Dataset:
lemma card_lists_sum_le: "card {l :: nat list. length l = k \<and> sum_list l \<le> N} = (N + k) choose k"
proof -
  let ?L = "{l :: nat list. length l = k \<and> sum_list l \<le> N}"
  let ?L' = "{l :: nat list. length l = Suc k \<and> sum_list l = N}"
  have split_last: "l = butlast l @ [last l] \<and> sum_list l = sum_list (butlast l) + last l" if "l \<in> ?L'" for l
  proof -
    have "l = butlast l @ [last l]" using that by (intro append_butlast_last_id[symmetric]) auto
    then show ?thesis by (metis sum_list_append sum_list_simps add_0_right)
  qed
  have "bij_betw (\<lambda>l. l @ [N - sum_list l]) ?L ?L'"
  proof (rule bij_betw_byWitness[where f' = butlast])
    show "\<forall>l\<in>?L'. butlast l @ [N - sum_list (butlast l)] = l"
    proof
      fix l assume "l \<in> ?L'"
      then have "l \<noteq> []" "N - sum_list (butlast l) = last l"
        using split_last[of l] by auto
      then show "butlast l @ [N - sum_list (butlast l)] = l" by simp
    qed
    show "butlast ` ?L' \<subseteq> ?L"
    proof (rule image_subsetI)
      fix l assume "l \<in> ?L'"
      with split_last[OF this] show "butlast l \<in> ?L" by simp
    qed
  qed auto
  then have "card ?L = (N + Suc k - 1) choose N"
    using card_length_sum_list[of "Suc k" N] by (simp add: bij_betw_same_card)
  then show ?thesis using binomial_symmetric[of N "N + k"] by simp
qed

definition monomial_exps :: "nat \<Rightarrow> nat \<Rightarrow> nat list set" where
  "monomial_exps d m = {e. length e = Suc d \<and> sum_list e \<le> m}"

text \<open>\<open>refl_monomial (k\<^sub>0 # k\<^sub>1 # \<dots> # k\<^sub>d) a\<close> is the polynomial
  \<open>t ^ k\<^sub>0 * (\<Prod>j<d. (a j * (a j - t)) ^ k\<^sub>j\<^sub>+\<^sub>1)\<close> in \<open>t\<close>; exponent lists are
  never empty, so the value at \<open>[]\<close> is irrelevant.\<close>
fun refl_monomial :: "nat list \<Rightarrow> (nat \<Rightarrow> real) \<Rightarrow> real poly" where
  "refl_monomial [] a = 1"
| "refl_monomial (k0 # ks) a = monom 1 k0 * (\<Prod>j<length ks. [:a j * a j, - a j:] ^ (ks ! j))"

lemma card_monomial_exps: "card (monomial_exps d m) = (m + Suc d) choose Suc d"
  unfolding monomial_exps_def by (rule card_lists_sum_le)

lemma finite_monomial_exps: "finite (monomial_exps d m)"
  by (rule card_ge_0_finite) (simp add: card_monomial_exps)

lemma Cons_Cons_in_monomial_exps:
  "k0 # k # ks \<in> monomial_exps (Suc d) m \<longleftrightarrow> k \<le> m \<and> k0 # ks \<in> monomial_exps d (m - k)"
  by (auto simp: monomial_exps_def)

lemma monomial_exps_Suc_cases:
  assumes "e \<in> monomial_exps (Suc d) m"
  obtains k0 k ks where "e = k0 # k # ks"
  using assms unfolding monomial_exps_def by (cases e; cases "tl e") auto

lemma sum_monomial_exps_Suc:
  "(\<Sum>e\<in>monomial_exps (Suc d) m. f e) = (\<Sum>k\<le>m. \<Sum>e\<in>monomial_exps d (m - k). f (hd e # k # tl e))"
proof -
  have nonempty: "e = hd e # tl e" if "e \<in> monomial_exps d m'" for e m'
    using that by (cases e) (auto simp: monomial_exps_def)
  have "(\<Sum>e\<in>monomial_exps (Suc d) m. f e)
      = (\<Sum>(k, e)\<in>(SIGMA k:{..m}. monomial_exps d (m - k)). f (hd e # k # tl e))"
  proof (rule sum.reindex_bij_witness[where i = "\<lambda>(k, e). hd e # k # tl e"
        and j = "\<lambda>e. (hd (tl e), hd e # tl (tl e))"])
    fix e assume e: "e \<in> monomial_exps (Suc d) m"
    then obtain k0 k ks where "e = k0 # k # ks" by (rule monomial_exps_Suc_cases)
    with e show "(\<lambda>(k, e). hd e # k # tl e) (hd (tl e), hd e # tl (tl e)) = e"
      and "(hd (tl e), hd e # tl (tl e)) \<in> (SIGMA k:{..m}. monomial_exps d (m - k))"
      and "(\<lambda>(k, e). f (hd e # k # tl e)) (hd (tl e), hd e # tl (tl e)) = f e"
      by (auto simp: Cons_Cons_in_monomial_exps)
  next
    fix ke assume "ke \<in> (SIGMA k:{..m}. monomial_exps d (m - k))"
    then show "(\<lambda>e. (hd (tl e), hd e # tl (tl e))) ((\<lambda>(k, e). hd e # k # tl e) ke) = ke"
      and "(\<lambda>(k, e). hd e # k # tl e) ke \<in> monomial_exps (Suc d) m"
      using nonempty by (auto simp: Cons_Cons_in_monomial_exps)
  qed
  then show ?thesis by (simp add: sum.Sigma finite_monomial_exps split_def)
qed
lemma nat_map_2_2_merges:
  assumes "a \<in> V" "b \<in> V" "c \<in> V" "E a b" "E b c"
  defines "f \<equiv> nat_map V E r 2 2"
  shows "f a = f b \<or> f a = f c \<or> f b = f c"
proof -
  have sym: "symp E" using conn unfolding conn_graph_def symp_def by blast
  define \<rho> where "\<rho> x = int (gdist E x r)" for x
  have same: "f x = f y"
    if "x \<in> V" "y \<in> V" "(\<rho> x + 1) div 2 = (\<rho> y + 1) div 2" "gdist E x y \<le> 2" for x y
  proof -
    have "x \<in> layer V E r 2 ((\<rho> y + 1) div 2 - 1)"
      using mem_layer_scale_2[of _ V E r, OF that(1)] that(3) unfolding \<rho>_def by simp
    moreover have "y \<in> layer V E r 2 ((\<rho> y + 1) div 2 - 1)"
      using mem_layer_scale_2[of _ V E r, OF that(2)] unfolding \<rho>_def .
    ultimately show ?thesis
      using nat_map_eq_if_close[OF sym, where lam = 2 and k = 2] that(4) unfolding f_def by simp
  qed
  have "\<rho> b \<le> \<rho> a + 1" "\<rho> a \<le> \<rho> b + 1" "\<rho> c \<le> \<rho> b + 1" "\<rho> b \<le> \<rho> c + 1"
    using gdist_edge_le[OF conn root] assms(1-5) sympD[OF sym] unfolding \<rho>_def by fastforce+
  then have "(\<rho> a + 1) div 2 = (\<rho> b + 1) div 2 \<or> (\<rho> a + 1) div 2 = (\<rho> c + 1) div 2
      \<or> (\<rho> b + 1) div 2 = (\<rho> c + 1) div 2"
    by presburger
  moreover have "gdist E a b \<le> 2" "gdist E a c \<le> 2" "gdist E b c \<le> 2"
    using gdist_le_walk_length[of E "[a, b]"] gdist_le_walk_length[of E "[a, b, c]"]
      gdist_le_walk_length[of E "[b, c]"] assms(4,5)
    by (simp_all add: is_walk_iff_successively)
  ultimately show ?thesis using same assms(1-3) by metis
qed

lemma gdist_nat_map_2_2_le:
  assumes "a \<in> V" "b \<in> V"
  defines "f \<equiv> nat_map V E r 2 2" and "E'' \<equiv> skel_edges V E r 2 2"
  shows "2 * gdist E'' (f a) (f b) \<le> gdist E a b + 1"
proof -
  have sym: "symp E" and EV: "\<forall>x y. E x y \<longrightarrow> x \<in> V \<and> y \<in> V"
    using conn unfolding conn_graph_def symp_def by blast+
  have edge: "f x = f y \<or> E'' (f x) (f y)" if "x \<in> V" "y \<in> V" "E x y" for x y
    unfolding f_def E''_def by (rule nat_map_edge[OF sym _ that(3,1,2)]) simp
  obtain xs where "is_walk E xs" "hd xs = a" "last xs = b" using conn assms unfolding conn_graph_def by blast
  then obtain ws where ws: "is_walk E ws" "hd ws = a" "last ws = b" "length ws = Suc (gdist E a b)"
    by (metis gdist_shortest_walk)
  then have "set ws \<subseteq> V" using walk_subset[OF EV] assms(1) by blast
  then obtain zs where "is_walk (\<lambda>x y. x = y \<or> E'' x y) zs"
    "hd zs = f a" "last zs = f b" "length zs \<le> length ws div 2 + 1"
    using lazy_walk_image_half_length[of V E f E'', OF edge nat_map_2_2_merges[folded f_def] ws(1)] ws(2,3)
    by blast
  then show ?thesis using gdist_le_lazy_walk_length[of E'' zs] ws(4) by fastforce
qed

end

theorem lemma6:
  fixes V :: "'a set" and E :: "'a \<Rightarrow> 'a \<Rightarrow> bool" and x0 :: 'a
    and lam k n :: real and X Y :: "'a set set set"
  assumes "conn_graph V E" and "x0 \<in> V" and "lam \<ge> 1" and "k \<ge> 1"
  defines "V' \<equiv> skel_verts V E x0 lam k"
      and "E' \<equiv> skel_edges V E x0 lam k"
      and "r' \<equiv> skel_root V E x0 lam k"
  defines "V'' \<equiv> skel_verts V' E' r' 2 2"
      and "E'' \<equiv> skel_edges V' E' r' 2 2"
  assumes "X \<subseteq> V''" and "Y \<subseteq> V''" and "n > 1"
    and "r_disjoint E'' n X Y"
  shows "r_disjoint E' (n + n / 2)
           {B \<in> V'. nat_map V' E' r' 2 2 B \<in> X} {B \<in> V'. nat_map V' E' r' 2 2 B \<in> Y}"
  unfolding r_disjoint_def
proof (intro ballI)
  let ?f = "nat_map V' E' r' 2 2"
  fix a b assume a: "a \<in> {B \<in> V'. ?f B \<in> X}" and b: "b \<in> {B \<in> V'. ?f B \<in> Y}"
  have lam_pos: "lam > 0" and sym: "symp E" using assms(1,3) unfolding conn_graph_def symp_def by auto
  have conn': "conn_graph V' E'" unfolding V'_def E'_def using conn_graph_skeleton[OF assms(1) lam_pos] .
  have root': "r' \<in> V'"
    using nat_map_in_skel_verts(1)[OF sym lam_pos assms(2)]
    unfolding V'_def r'_def skel_root_def nat_map_def .
  have contract: "2 * gdist E'' (?f a) (?f b) \<le> gdist E' a b + 1"
    unfolding E''_def using gdist_nat_map_2_2_le[OF conn' root'] a b by simp
  have far: "n < gdist E'' (?f a) (?f b)" using assms(13) a b unfolding r_disjoint_def by blast
  then have "1 < gdist E'' (?f a) (?f b)" using \<open>n > 1\<close> by linarith
  then have "3 \<le> gdist E' a b" using contract by linarith
  then show "n + n / 2 < gdist E' a b" using contract far by linarith
qed

end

Your goal:
Scanning the data above, count the lines in which the string "open" occurs and state only the count.

Written solution:
4